| Kapolda Maluku, Irjen Pol. Refdi Andri (foto: Simon Lolonlun) |
Saumlaki, dharapos.com – Kepala Kepolisian Daerah (Kapolda) Maluku Irjen Pol. Refdi Andri menyatakan, salah satu penyebab terjadinya kekerasan, termasuk kekerasan terhadap anak di wilayah hukum Polres Kepulauan Tanimbar adalah minuman keras atau miras yang masih beredar luas dan belum ada batasan untuk dikonsumsi oleh masyarakat.
“Memang perlu ada terobosan-terobosan. Bagaimana pemerintah daerah merumuskan Peraturan daerah atau Perda, sehingga ada Perda yang mengikat terhadap minuman keras atau minuman beralkohol. Karena itu merupakan salah satu penyebabnya,” kata Kapolda saat berkunjung ke Saumlaki, Senin (18/10/2021).
Dikatakan, hampir semua daerah di provinsi Maluku yang sama persoalannya, yakni belum ada perda tentang minuman keras sehingga masih dengan mudah dikonsumsi oleh masyarakat dan mengakibatkan angka kriminal semakin bertambah.
Disisi lain, Kapolda mengapresiasi dua Pemerintah Daerah Kabupaten di Maluku yang sudah menetapkan Perda Miras yakni Kabupaten Seram Bagian Timur dan Maluku Tenggara.
Untuk itu, dia meminta pemerintah daerah kabupaten Kepulauan Tanimbar agar secepatnya menyusun dan menetapkan Perda Miras, sehingga angka kriminal di daerah ini bisa berkurang.
“Tentang bagaimana menata itu, silakan dirumuskan tetapi tentu juga dengan menyerap aspirasi dan keinginan masyarakat,” tutupnya.
Ketua DPRD Kabupaten Kepulauan Tanimbar, Jaflaun Batlayeri yang dihubungi secara terpisah mengatakan, pihaknya telah mengagendakan penyusunan Rancangan Peraturan Daerah (Ranperda) tentang minuman keras dalam masa sidang pertama tahun 2020 dan kini sedang dalam proses.
“Saat ini kita sudah ada dalam tahapan fasilitasi proses pembahasannya. Telah ditetapkan dalam masa sidang pertama tahun 2020 dan rancangan Perdanya sudah ada,” katanya.
Ruang lingkup Perda tentang Miras yang sedang dibahas ialah menata, mengendalikan, memberdayakan dan meningkatkan pendapatan daerah. Atau tentang penataan, penertiban, mengendalikan soal status hukum yang dilegalkan, industri dan proses distribusi serta penataan ekonomi masyarakat dan peningkatan ekonomi daerah.

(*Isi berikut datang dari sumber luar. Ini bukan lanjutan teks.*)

theorem proposition4p5:
  fixes N n i j :: nat and c h :: "nat \<Rightarrow> real" and R \<gamma> :: real
  assumes params: "valid_params N c R \<gamma>"
    and NE: "is_NE N c R \<gamma> h"
    and active: "active_set N h = {1..n}"
    and stable: "\<exists>\<epsilon>>0. \<forall>c' R' \<gamma>'. valid_params N c' R' \<gamma>' \<and> (\<forall>k\<in>{1..N}. \<bar>c' k - c k\<bar> < \<epsilon>)
                   \<and> \<bar>R' - R\<bar> < \<epsilon> \<and> \<bar>\<gamma>' - \<gamma>\<bar> < \<epsilon> \<longrightarrow>
                   (\<forall>h'. is_NE N c' R' \<gamma>' h' \<longrightarrow> active_set N h' = {1..n})"
    and i: "i \<in> {1..n}" and j: "j \<in> {1..n}" and ij: "i \<noteq> j"
  defines "H \<equiv> gH n c \<gamma> R"
    and "D1 \<equiv> deriv (\<lambda>t. fh t \<gamma> R (gH n c \<gamma> R)) (c i)"
    and "D2 \<equiv> deriv (\<lambda>x. fh (c i) \<gamma> R x) (gH n c \<gamma> R) * deriv (\<lambda>t. gH n (c(i := t)) \<gamma> R) (c i)"
    and "E1 \<equiv> deriv (\<lambda>t. fh t \<gamma> R (gH n c \<gamma> R) / gH n c \<gamma> R) (c i)"
    and "E2 \<equiv> deriv (\<lambda>x. fh (c i) \<gamma> R x / x) (gH n c \<gamma> R) * deriv (\<lambda>t. gH n (c(i := t)) \<gamma> R) (c i)"
  shows "((\<lambda>t. fh t \<gamma> R (gH n (c(i := t)) \<gamma> R)) has_real_derivative D1 + D2) (at (c i))
         \<and> D1 + D2 < 0
         \<and> ((\<lambda>t. fh (c i) \<gamma> R (gH n (c(j := t)) \<gamma> R)) has_real_derivative D2) (at (c j))
         \<and> D1 < 0
         \<and> (D2 > 0 \<longleftrightarrow> fh (c i) \<gamma> R H / H < 1 / 2)
         \<and> ((\<lambda>t. fh t \<gamma> R (gH n (c(i := t)) \<gamma> R) / gH n (c(i := t)) \<gamma> R)
              has_real_derivative E1 + E2) (at (c i))
         \<and> E1 + E2 < 0
         \<and> ((\<lambda>t. fh (c i) \<gamma> R (gH n (c(j := t)) \<gamma> R) / gH n (c(j := t)) \<gamma> R)
              has_real_derivative E2) (at (c j))
         \<and> E2 > 0
         \<and> E1 < 0"
proof -
  from params have R: "0 < R" and \<gamma>: "0 \<le> \<gamma>"
    unfolding valid_params_def by auto
  have active_iff: "k \<in> {1..n} \<longleftrightarrow> k \<in> {1..N} \<and> 0 < h k" for k
    using active unfolding active_set_def by blast
  have n: "2 \<le> n"
    using i j ij by auto
  then have nN: "n \<le> N"
    using active_iff[of n] by simp
  have iN: "i \<in> {1..N}" and hi: "0 < h i"
    using active_iff[of i] i by simp_all
  then have ci: "0 < c i"
    using valid_params_cost_pos[OF params] by blast
  define S where "S = (\<Sum>k=1..n. c k)"
  have ci_S: "c i < S"
    unfolding S_def by (rule valid_params_cost_less_sum[OF params nN i j ij])
  have H_eq: "(\<Sum>k=1..N. h k) = H"
    unfolding H_def using is_NE_aggregate_eq_gH[OF params NE active] n by simp
  have H: "0 < H" and ciH: "c i * H < R"
    using is_NE_aggregate_pos[OF NE iN hi] is_NE_cost_aggregate_less[OF NE iN hi R \<gamma>] H_eq by simp_all
  have "\<gamma> * H\<^sup>2 + S * H = (real n - 1) * R"
    using is_NE_aggregate_quadratic[OF NE active] n H_eq unfolding S_def by simp
  then have agg: "R \<le> \<gamma> * H\<^sup>2 + S * H"
    using n R by (simp add: mult_le_cancel_right1)
  have den: "0 < R + \<gamma> * H\<^sup>2"
    using R \<gamma> by (simp add: add_pos_nonneg)
  have dg: "((\<lambda>t. gH n (c(k := t)) \<gamma> R) has_real_derivative gH_dcost \<gamma> S H) (at (c k))"
    if "k \<in> {1..n}" for k
    using gH_has_real_derivative_cost[OF that, of c \<gamma> R] ci ci_S \<gamma> R unfolding S_def H_def by simp
  have D1: "D1 = fh_dcost \<gamma> R H" and D2: "D2 = fh_drate (c i) \<gamma> R H * gH_dcost \<gamma> S H"
    and E1: "E1 = share_dcost \<gamma> R H" and E2: "E2 = share_drate (c i) \<gamma> R H * gH_dcost \<gamma> S H"
    using deriv_fh_cost deriv_fh_rate deriv_share_cost deriv_share_rate DERIV_imp_deriv[OF dg[OF i]] den H
    unfolding D1_def D2_def E1_def E2_def H_def[symmetric] by simp_all
  show ?thesis
    using fh_has_real_derivative[OF DERIV_ident dg[OF i]] fh_has_real_derivative[OF DERIV_const dg[OF j]]
      share_has_real_derivative[OF DERIV_ident dg[OF i]] share_has_real_derivative[OF DERIV_const dg[OF j]]
      fh_own_cost_effect_neg[OF R \<gamma> H ciH agg] share_own_cost_effect_neg[OF R \<gamma> H ci ci_S]
      fh_dcost_neg[OF den] share_dcost_neg[OF den H] fh_drate_neg_iff[OF R den H]
      share_drate_neg[OF R \<gamma> ci H ciH] gH_dcost_neg[OF \<gamma> _ H, of S] ci ci_S den H
    unfolding D1 D2 E1 E2 H_def by (simp add: zero_less_mult_iff mult_neg_neg)
qed

end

“Memang ada beberapa ruang lingkup yang sudah kita putuskan dan sekarang dalam tahapan finalisasi. Sebentar nanti akan ada pada tahapan uji publik untuk meminta pertimbangan-pertimbangan dan masukan dari masyarakat,” katanya lagi.
Jaflaun memastikan, dalam tahun ini sudah ada proses uji publik. Tentang waktu pelaksanaanya akan disesuaikan dengan agenda wajib yakni penetapan APBD perubahan 2021 dan pembahasan Kuasa Umum APBD induk.